In my previous articles I tried to show separate fragments of the Document Generator. As it became clear from the discussions, some of its fragments exist in various implementations and are not interesting to discuss them. Indeed, why discuss separate building blocks when you don’t see the whole building. Therefore, in this article I will try to show the building as a whole, so as not to discuss its individual bricks. I will try to describe my vision of the implementation of the document generator, based on personal experience gained in one of the largest banks in Russia. I went from practice, implemented a generator in MS Word and Excel, this is what came out of this process.
1. The generator should be able to generate documents on the basis of templates. The received documents should be as ready for use as possible, they should contain the minimum number of places that require manual editing after the generation. Templates should be developed and accompanied by the business itself; IT participation should be to ensure that the information required to fill out the templates is available from the databases. In the future it will become clear that we are talking about the values ​​of the fields and answers to questions.
2. The generator should, on the basis of templates, automatically build a UI form to ensure manual input of information that is absent in the database. Thus, by manually entering the value of such a field, it will be substituted in different places of the document (com), correctly associated with other words, having the correct case, etc. Values ​​entered manually must be stored in the database and, if necessary, copied to the main database, ensuring the principle of one input. Some of the fields should be simply shown on the form without editing, only for visual inspection.
')
Some of the fields should be hidden: - these are calculated fields and fields that are filled with dashes at a certain stage of preparation of a document \ contract. The field values ​​with dashes are determined later in the process of agreeing conditions, for example, a contract. Fields are located on a UI form in a specific order on certain tabs and have the appropriate element type (control) and input mask. When issuing the Generation command, the field values ​​are verified and in case of inconsistencies the user receives an error or warning message.
Template developers, using a special development environment, set the order of the fields, their location on the UI tabs of the form, select input / output formats, mark the fields to be filled with dashes, etc. The role of IT in these processes can only be consulting. Practice shows that good documentation plus the availability of training examples, plus a trained employee, plus a friendly development environment make it possible to almost completely free IT from the preparation of templates, information entry forms and questionnaires. This means that the business itself provides the necessary documents, frees IT from the routine, eliminates intermediaries between requirements and implementation, and works practically in a temporary mode convenient for the business itself. And, of course, a business ceases to pay for the implementation of document generation to third-party developers and incompetent executors who are not in the context of the business of a particular organization and its practice.

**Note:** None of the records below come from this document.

(* Let $E=[-1,1]$, $D=\widehat{\mathbb C}\setminus E$, let $F\subset\mathbb R\setminus E$ be compact, let $\mu$ be a probability measure on $F$, and set $$v(z;\mu):=\int\log|1-\varphi(z)\varphi(t)|\,d\mu(t),\quad z\in D.$$ Then $$v(z;\mu)=-\frac12U^{\beta_E(\mu)+\tau_E}(z)+\mathrm{const}.$$
   Context: $\varphi(z)=z+(z^2-1)^{1/2}$ with the branch $(z^2-1)^{1/2}/z\to1$ as $z\to\infty$ (real-valued on $\mathbb R\setminus E$). $U^\nu(z)=\int\log\frac1{|z-t|}\,d\nu(t)$ is the logarithmic potential, $\beta_E(\mu)$ is the balayage of $\mu$ from $D$ onto $E$, and $\tau_E=\frac1\pi\frac{dx}{\sqrt{1-x^2}}$ is the Chebyshev (equilibrium) measure of $E$. *)

theory Defs
  imports "HOL-Probability.Probability"
begin

definition E_int :: "complex set" where
  "E_int = complex_of_real ` {-1..1}"

text \<open>phi(z) = z + (z^2-1)^(1/2), with the branch of (z^2-1)^(1/2) that behaves like z
  at infinity; on C minus [-1,1] this branch is csqrt(z-1) * csqrt(z+1).\<close>
definition phi :: "complex \<Rightarrow> complex" where
  "phi z = z + csqrt (z - 1) * csqrt (z + 1)"

definition log_potential :: "complex measure \<Rightarrow> complex \<Rightarrow> real" where
  "log_potential \<nu> z = (\<integral>t. ln (1 / cmod (z - t)) \<partial>\<nu>)"

definition measure_add :: "'a measure \<Rightarrow> 'a measure \<Rightarrow> 'a measure" where
  "measure_add M N = measure_of (space M) (sets M) (\<lambda>A. emeasure M A + emeasure N A)"
lemma integral_mh_kernel:
  fixes M :: "'b measure" and f :: "'b \<Rightarrow> real"
  assumes z: "z \<in> space M" and Ks: "sets (K z) = sets M"
    and am: "\<alpha> z \<in> borel_measurable M"
    and f: "f \<in> borel_measurable M"
    and fin: "(\<integral>\<^sup>+z'. ennreal (\<alpha> z z') * ennreal \<bar>f z'\<bar> \<partial>K z) < \<infinity>"
  shows "integrable (mh_kernel M K \<alpha> z) f"
    and "integrable (K z) (\<lambda>z'. max 0 (\<alpha> z z') * f z')"
    and "(\<integral>z'. f z' \<partial>mh_kernel M K \<alpha> z) =
       (\<integral>z'. max 0 (\<alpha> z z') * f z' \<partial>K z) + f z * max 0 (1 - (\<integral>z'. \<alpha> z z' \<partial>K z))"
proof -
  let ?p = "\<lambda>x. max 0 (f x)" and ?n = "\<lambda>x. max 0 (- f x)"
  have finp: "(\<integral>\<^sup>+z'. ennreal (\<alpha> z z') * ennreal (?p z') \<partial>K z) < \<infinity>"
    by (rule le_less_trans[OF _ fin], rule nn_integral_mono) (auto intro!: mult_left_mono)
  have finn: "(\<integral>\<^sup>+z'. ennreal (\<alpha> z z') * ennreal (?n z') \<partial>K z) < \<infinity>"
    by (rule le_less_trans[OF _ fin], rule nn_integral_mono) (auto intro!: mult_left_mono)
  have mp: "?p \<in> borel_measurable M" and mn: "?n \<in> borel_measurable M" using f by auto
  have pp: "\<And>x. 0 \<le> ?p x" and nn0: "\<And>x. 0 \<le> ?n x" by auto
  note P = integral_mh_kernel_nonneg[of z M K \<alpha>, OF z Ks am mp pp finp] and N = integral_mh_kernel_nonneg[of z M K \<alpha>, OF z Ks am mn nn0 finn]
  have fe: "f = (\<lambda>x. ?p x - ?n x)" by (auto simp: fun_eq_iff)
  have fe2: "(\<lambda>z'. max 0 (\<alpha> z z') * f z') = (\<lambda>z'. max 0 (\<alpha> z z') * ?p z' - max 0 (\<alpha> z z') * ?n z')"
    by (rule ext) (simp add: max_def algebra_simps)
  show "integrable (mh_kernel M K \<alpha> z) f"
    by (subst fe) (rule Bochner_Integration.integrable_diff[OF P(1) N(1)])
  show "integrable (K z) (\<lambda>z'. max 0 (\<alpha> z z') * f z')"
    by (subst fe2) (rule Bochner_Integration.integrable_diff[OF P(2) N(2)])
  have "(\<integral>z'. f z' \<partial>mh_kernel M K \<alpha> z) = (\<integral>z'. ?p z' \<partial>mh_kernel M K \<alpha> z) - (\<integral>z'. ?n z' \<partial>mh_kernel M K \<alpha> z)"
    by (subst fe) (rule Bochner_Integration.integral_diff[OF P(1) N(1)])
  also have "\<dots> = ((\<integral>z'. max 0 (\<alpha> z z') * ?p z' \<partial>K z) - (\<integral>z'. max 0 (\<alpha> z z') * ?n z' \<partial>K z))
      + (?p z - ?n z) * max 0 (1 - (\<integral>z'. \<alpha> z z' \<partial>K z))"
    using P(3) N(3) by (simp add: algebra_simps)
  also have "(\<integral>z'. max 0 (\<alpha> z z') * ?p z' \<partial>K z) - (\<integral>z'. max 0 (\<alpha> z z') * ?n z' \<partial>K z) = (\<integral>z'. max 0 (\<alpha> z z') * f z' \<partial>K z)"
    by (subst fe2, rule Bochner_Integration.integral_diff[symmetric, OF P(2) N(2)])
  also have "?p z - ?n z = f z" by simp
  finally show "(\<integral>z'. f z' \<partial>mh_kernel M K \<alpha> z) =
       (\<integral>z'. max 0 (\<alpha> z z') * f z' \<partial>K z) + f z * max 0 (1 - (\<integral>z'. \<alpha> z z' \<partial>K z))" .
qed
lemma siegel_F2_norm_diag_ge_1:
  assumes "\<tau> \<in> siegel_F2"
  shows "1 \<le> cmod (\<tau> $ 1 $ 1)"
proof -
  \<comment> \<open>the embedding of \<open>(0 -1; 1 0) \<in> SL\<^sub>2(\<int>)\<close> acting on \<open>\<tau>\<^sub>1\<^sub>1\<close>\<close>
  define C :: "int^2^2" where "C = (\<chi> i j. if i = 1 \<and> j = 1 then 1 else 0)"
  define D :: "int^2^2" where "D = (\<chi> i j. if i = 2 \<and> j = 2 then 1 else 0)"
  have "Sp4Z D (-C) C D"
    unfolding Sp4Z_def sym_mat_def C_def D_def
    by (simp add: matrix_matrix_mult_def transpose_def mat_def vec_eq_iff forall_2 sum_2)
  then have "1 \<le> cmod (det (cmat C ** \<tau> + cmat D))"
    using assms by (auto simp: siegel_F2_def)
  also have "det (cmat C ** \<tau> + cmat D) = \<tau> $ 1 $ 1"
    by (simp add: det_2 cmat_def C_def D_def matrix_matrix_mult_def sum_2)
  finally show ?thesis .
qed

lemma siegel_F2_Im_ge:
  assumes "\<tau> \<in> siegel_F2"
  shows "sqrt 3 / 2 \<le> Im (\<tau> $ 1 $ 1)"
proof -
  have "\<bar>Re (\<tau> $ 1 $ 1)\<bar> \<le> 1/2"
    using assms by (simp add: siegel_F2_def)
  then have "\<bar>Re (\<tau> $ 1 $ 1)\<bar> ^ 2 \<le> (1/2) ^ 2"
    by (intro power_mono) auto
  then have "Re (\<tau> $ 1 $ 1) ^ 2 \<le> 1/4"
    by (simp add: power_divide)
  moreover have "1 \<le> Re (\<tau> $ 1 $ 1) ^ 2 + Im (\<tau> $ 1 $ 1) ^ 2"
    using siegel_F2_norm_diag_ge_1[OF assms] by (simp add: cmod_def)
  ultimately have "sqrt (3/4) \<le> sqrt (Im (\<tau> $ 1 $ 1) ^ 2)"
    by (intro real_sqrt_le_mono) linarith
  moreover have "0 \<le> Im (\<tau> $ 1 $ 1)"
    using siegel_F2_Im_reduced[OF assms] by linarith
  ultimately show ?thesis
    by (simp add: real_sqrt_divide)
qed
(* Let $V$ be a finite-dimensional complex vector space and let $c_1,c_2\in\wedge^2V$ be such that $c_\lambda=\lambda_1c_1+\lambda_2c_2$ is nondegenerate for generic $\lambda\in\mathbb C^2$. Let $K\subset V$ be a subspace, let $p:V\to V'=V/K$ be the projection, and assume that $c_i'=\wedge^2p(c_i)$, $i=1,2$, are linearly independent. Set $c'_\lambda=\lambda_1c'_1+\lambda_2c'_2$, $R_0'=\max_\lambda\operatorname{rank}c'_\lambda$, and $$d_\lambda=\dim\ c_\lambda^\sharp(K^\perp)\big/\bigl(K\cap c_\lambda^\sharp(K^\perp)\bigr).$$ Then $\operatorname{rank}c'_\lambda=R_0'$ for all $\lambda\in\mathbb C^2\setminus\{0\}$ if and only if $d_\lambda$ is independent of $\lambda\in\mathbb C^2\setminus\{0\}$.
   Context: $K^\perp\subset V^*$ denotes the annihilator of $K$. For $b\in\wedge^2V$, $b^\sharp:V^*\to V$ is contraction in the first argument, and $\operatorname{rank}b=\dim\operatorname{im}b^\sharp$. *)

theory Defs
  imports "HOL-Analysis.Analysis"
begin

text \<open>V is modelled as complex^'n (standard basis e_i); V* is modelled
  as complex^'n via the dual basis, with the natural (non-conjugated) pairing.
  An element b of the second exterior power of V is modelled by its coefficient
  matrix B (skew-symmetric), b = sum_{i,j} B_ij e_i (x) e_j.  Contraction in the
  first argument is then b^sharp(xi) = sum_{i,j} xi_i B_ij e_j, i.e. xi v* B.\<close>

definition pairing :: "complex^'n \<Rightarrow> complex^'n \<Rightarrow> complex" where
  "pairing xi v = (\<Sum>i\<in>UNIV. xi $ i * v $ i)"

definition is_bivector :: "complex^'n^'n \<Rightarrow> bool" where
  "is_bivector B \<longleftrightarrow> transpose B = - B"

definition sharp :: "complex^'n^'n \<Rightarrow> complex^'n \<Rightarrow> complex^'n" where
  "sharp B xi = xi v* B"

definition bv_rank :: "complex^'n^'n \<Rightarrow> nat" where
  "bv_rank B = vec.dim (range (sharp B))"

definition nondegenerate :: "complex^'n^'n \<Rightarrow> bool" where
  "nondegenerate B \<longleftrightarrow> bij (sharp B)"

definition pencil :: "complex \<Rightarrow> complex \<Rightarrow> complex^'n^'n \<Rightarrow> complex^'n^'n \<Rightarrow> complex^'n^'n" where
  "pencil l1 l2 C1 C2 = (\<chi> i j. l1 * C1 $ i $ j + l2 * C2 $ i $ j)"

definition annih :: "(complex^'n) set \<Rightarrow> (complex^'n) set" where
  "annih K = {xi. \<forall>v\<in>K. pairing xi v = 0}"

text \<open>Quotient V' = V/K.  Its dual (V')* is identified with K^perp via p*, and
  the bivector wedge^2 p (c) has sharp map (V')* -> V', xi |-> p(c^sharp xi).
  Hence its image is p(c^sharp(K^perp)); a subspace of V/K is represented by its
  preimage under p, whose dimension exceeds that of the subspace by dim K.\<close>
definition quot_image_preimage :: "(complex^'n) set \<Rightarrow> complex^'n^'n \<Rightarrow> (complex^'n) set" where
  "quot_image_preimage K B = {x + k | x k. x \<in> sharp B ` annih K \<and> k \<in> K}"

text \<open>rank of wedge^2 p (c) = dim of p(c^sharp(K^perp)) in V/K\<close>
definition quot_rank :: "(complex^'n) set \<Rightarrow> complex^'n^'n \<Rightarrow> nat" where
  "quot_rank K B = vec.dim (quot_image_preimage K B) - vec.dim K"

text \<open>wedge^2 p (c) = 0 iff its sharp map vanishes iff c^sharp(K^perp) is contained in K.\<close>
definition quot_zero :: "(complex^'n) set \<Rightarrow> complex^'n^'n \<Rightarrow> bool" where
  "quot_zero K B \<longleftrightarrow> sharp B ` annih K \<subseteq> K"

text \<open>linear independence of c_1', c_2' (note wedge^2 p is linear, so
  l1 c_1' + l2 c_2' = wedge^2 p (c_lambda))\<close>
definition quot_lin_indep :: "(complex^'n) set \<Rightarrow> complex^'n^'n \<Rightarrow> complex^'n^'n \<Rightarrow> bool" where
  "quot_lin_indep K C1 C2 \<longleftrightarrow>
     (\<forall>l1 l2. quot_zero K (pencil l1 l2 C1 C2) \<longrightarrow> l1 = 0 \<and> l2 = 0)"

definition d_dim :: "(complex^'n) set \<Rightarrow> complex^'n^'n \<Rightarrow> nat" where
  "d_dim K B = vec.dim (sharp B ` annih K) - vec.dim (K \<inter> sharp B ` annih K)"

end

theory Submission
  imports Defs
begin

text \<open>Since the dual of \<open>V/K\<close> is \<open>K\<^sup>\<perp>\<close>, the image of the sharp map of \<open>c\<^sub>\<lambda>'\<close> is
  \<open>p(c\<^sub>\<lambda>\<^sup>\<sharp>(K\<^sup>\<perp>))\<close>, whose dimension is \<open>d\<^sub>\<lambda>\<close> by the dimension formula for \<open>W + K\<close>.
  Thus \<open>rank c\<^sub>\<lambda>' = d\<^sub>\<lambda>\<close>, and as \<open>d\<^sub>0 = 0\<close> the maximal rank is attained on \<open>\<lambda> \<noteq> 0\<close>,
  so constancy of the rank on \<open>\<lambda> \<noteq> 0\<close> is the same as its being maximal there.\<close>

lemma subspace_annih: "vec.subspace (annih K)"
  for K :: "(complex^'n) set"
proof -
  have "annih K = (\<Inter>v\<in>K. {xi. pairing xi v = 0})"
    by (auto simp: annih_def)
  moreover have "vec.subspace {xi. pairing xi v = 0}" for v :: "complex^'n"
    by (simp add: vec.subspace_def pairing_def sum.distrib distrib_right mult.assoc
        flip: sum_distrib_left)
  ultimately show ?thesis
    by (simp add: vec.subspace_Int)
qed

lemma sharp_eq_transpose_mult: "sharp B = (\<lambda>xi. transpose B *v xi)"
  by (rule ext) (simp add: sharp_def)

lemma subspace_sharp_image_annih: "vec.subspace (sharp B ` annih K)"
  unfolding sharp_eq_transpose_mult
  by (rule vec.subspace_image[OF subspace_annih])

lemma quot_rank_eq_d_dim:
  assumes "vec.subspace K"
  shows "quot_rank K B = d_dim K B"
proof -
  let ?W = "sharp B ` annih K"
  have "vec.dim (quot_image_preimage K B) + vec.dim (?W \<inter> K) = vec.dim ?W + vec.dim K"
    unfolding quot_image_preimage_def
    by (rule vec.dim_sums_Int[OF subspace_sharp_image_annih assms])
  moreover have "vec.dim (?W \<inter> K) \<le> vec.dim ?W"
    by (rule vec.dim_subset) auto
  ultimately show ?thesis
    unfolding quot_rank_def d_dim_def by (simp add: Int_commute)
qed

lemma d_dim_le_card: "d_dim K B \<le> CARD('n)"
  for B :: "complex^'n^'n"
  unfolding d_dim_def using dim_subset_UNIV_cart_gen by (meson diff_le_self le_trans)

lemma d_dim_pencil_0_0: "d_dim K (pencil 0 0 C1 C2) = 0"
proof -
  have "sharp (pencil 0 0 C1 C2) xi = 0" for xi
    by (simp add: sharp_def pencil_def vector_matrix_mult_def vec_eq_iff)
  moreover have "annih K \<noteq> {}"
    using vec.subspace_0[OF subspace_annih] by blast
  ultimately have "sharp (pencil 0 0 C1 C2) ` annih K = {0}"
    by auto
  then show ?thesis
    by (simp add: d_dim_def)
qed

lemma eq_Max_range_off_point_iff_const:
  fixes f :: "'a \<Rightarrow> nat"
  assumes "finite (range f)" and "f z = 0"
  shows "(\<forall>x. x \<noteq> z \<longrightarrow> f x = Max (range f)) \<longleftrightarrow>
         (\<forall>x y. x \<noteq> z \<longrightarrow> y \<noteq> z \<longrightarrow> f x = f y)"
proof
  assume const: "\<forall>x y. x \<noteq> z \<longrightarrow> y \<noteq> z \<longrightarrow> f x = f y"
  show "\<forall>x. x \<noteq> z \<longrightarrow> f x = Max (range f)"
  proof (intro allI impI)
    fix x assume "x \<noteq> z"
    obtain a where a: "Max (range f) = f a"
      using Max_in[OF assms(1)] by auto
    have "f a \<le> f x"
    proof (cases "a = z")
      case True
      then show ?thesis using assms(2) by simp
    next
      case False
      then show ?thesis using const \<open>x \<noteq> z\<close> by (metis order_refl)
    qed
    moreover have "f x \<le> Max (range f)"
      using assms(1) by simp
    ultimately show "f x = Max (range f)"
      using a by linarith
  qed
qed metis

theorem mainTheorem5:
  fixes C1 C2 :: "complex^'n^'n" and K :: "(complex^'n) set"
  assumes "is_bivector C1" and "is_bivector C2"
    and "\<exists>l1 l2. nondegenerate (pencil l1 l2 C1 C2)"
    and "vec.subspace K"
    and "quot_lin_indep K C1 C2"
  shows "(\<forall>l1 l2. (l1, l2) \<noteq> (0, 0) \<longrightarrow>
            quot_rank K (pencil l1 l2 C1 C2) = Max {quot_rank K (pencil m1 m2 C1 C2) | m1 m2. True})
       \<longleftrightarrow>
         (\<forall>l1 l2 m1 m2. (l1, l2) \<noteq> (0, 0) \<longrightarrow> (m1, m2) \<noteq> (0, 0) \<longrightarrow>
            d_dim K (pencil l1 l2 C1 C2) = d_dim K (pencil m1 m2 C1 C2))"
proof -
  define d where "d = (\<lambda>(l1, l2). d_dim K (pencil l1 l2 C1 C2))"
  have ranks: "{quot_rank K (pencil m1 m2 C1 C2) | m1 m2. True} = range d"
    by (auto simp: d_def quot_rank_eq_d_dim[OF assms(4)])
  have "finite (range d)"
    by (rule finite_subset[of _ "{..CARD('n)}"]) (auto simp: d_def d_dim_le_card)
  from eq_Max_range_off_point_iff_const[OF this, of "(0, 0)"]
  show ?thesis
    unfolding ranks by (simp add: d_def d_dim_pencil_0_0 quot_rank_eq_d_dim[OF assms(4)])
qed

end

Developing templates in addition to understanding the requirements for the final document is hard work that requires attention and diligence. The layout of the templates of the future document is not work for young, ambitious, but impatient IT people; they need women's hands, women's diligence and the tendency of men to cope with monotonous operations better than ever. Support for templates, their modification - it is still more women's bread than men's.
I myself somehow tried to mark out a document for business, and to be honest, it did not bring me joy, although I gave some great ideas for improving the process of preparing templates. Since then, I strongly began to respect those women who, not having these remarkable innovations, patiently and without complaints, dragged their difficult female share.
3. The number of templates should strive to minimize, but at the same time the templates themselves should not be huge. How many templates should be and what their sizes should be decided by the template developers themselves, i.e. business. And there are no exact rules that uniquely determine the size of the templates. But recommendations may be. One of them is that the larger the template is, the more computing resources the Generator will need to generate documents based on it. Therefore, it is not necessary to pack the whole world into one template.
In practice, the size of templates is determined by how many different documents can be generated from one template and how similar they will be to each other, whether they belong to the same topic, etc. It is not uncommon patterns of 100 pages or more.
When I saw such huge templates for the first time, I, with all my confidence in the competence of business, doubted the correctness of their choice. But in order to indicate to the business its mistakes, it is necessary to figure out what was done wrong and offer the best option, and this requires immersion in business practice, which, in turn, will require competencies from IT specialists that are not related to his current skills and skills. And therefore, with its charter, it is not necessary to go to a strange monastery. We must trust people, 100 pages, then 100.
It is clear that the developers of templates do not operate with the concepts of performance and do not consider the costs of computational resources. They are interested in the result. Nevertheless, they are interested in the generation of documents as quickly as possible.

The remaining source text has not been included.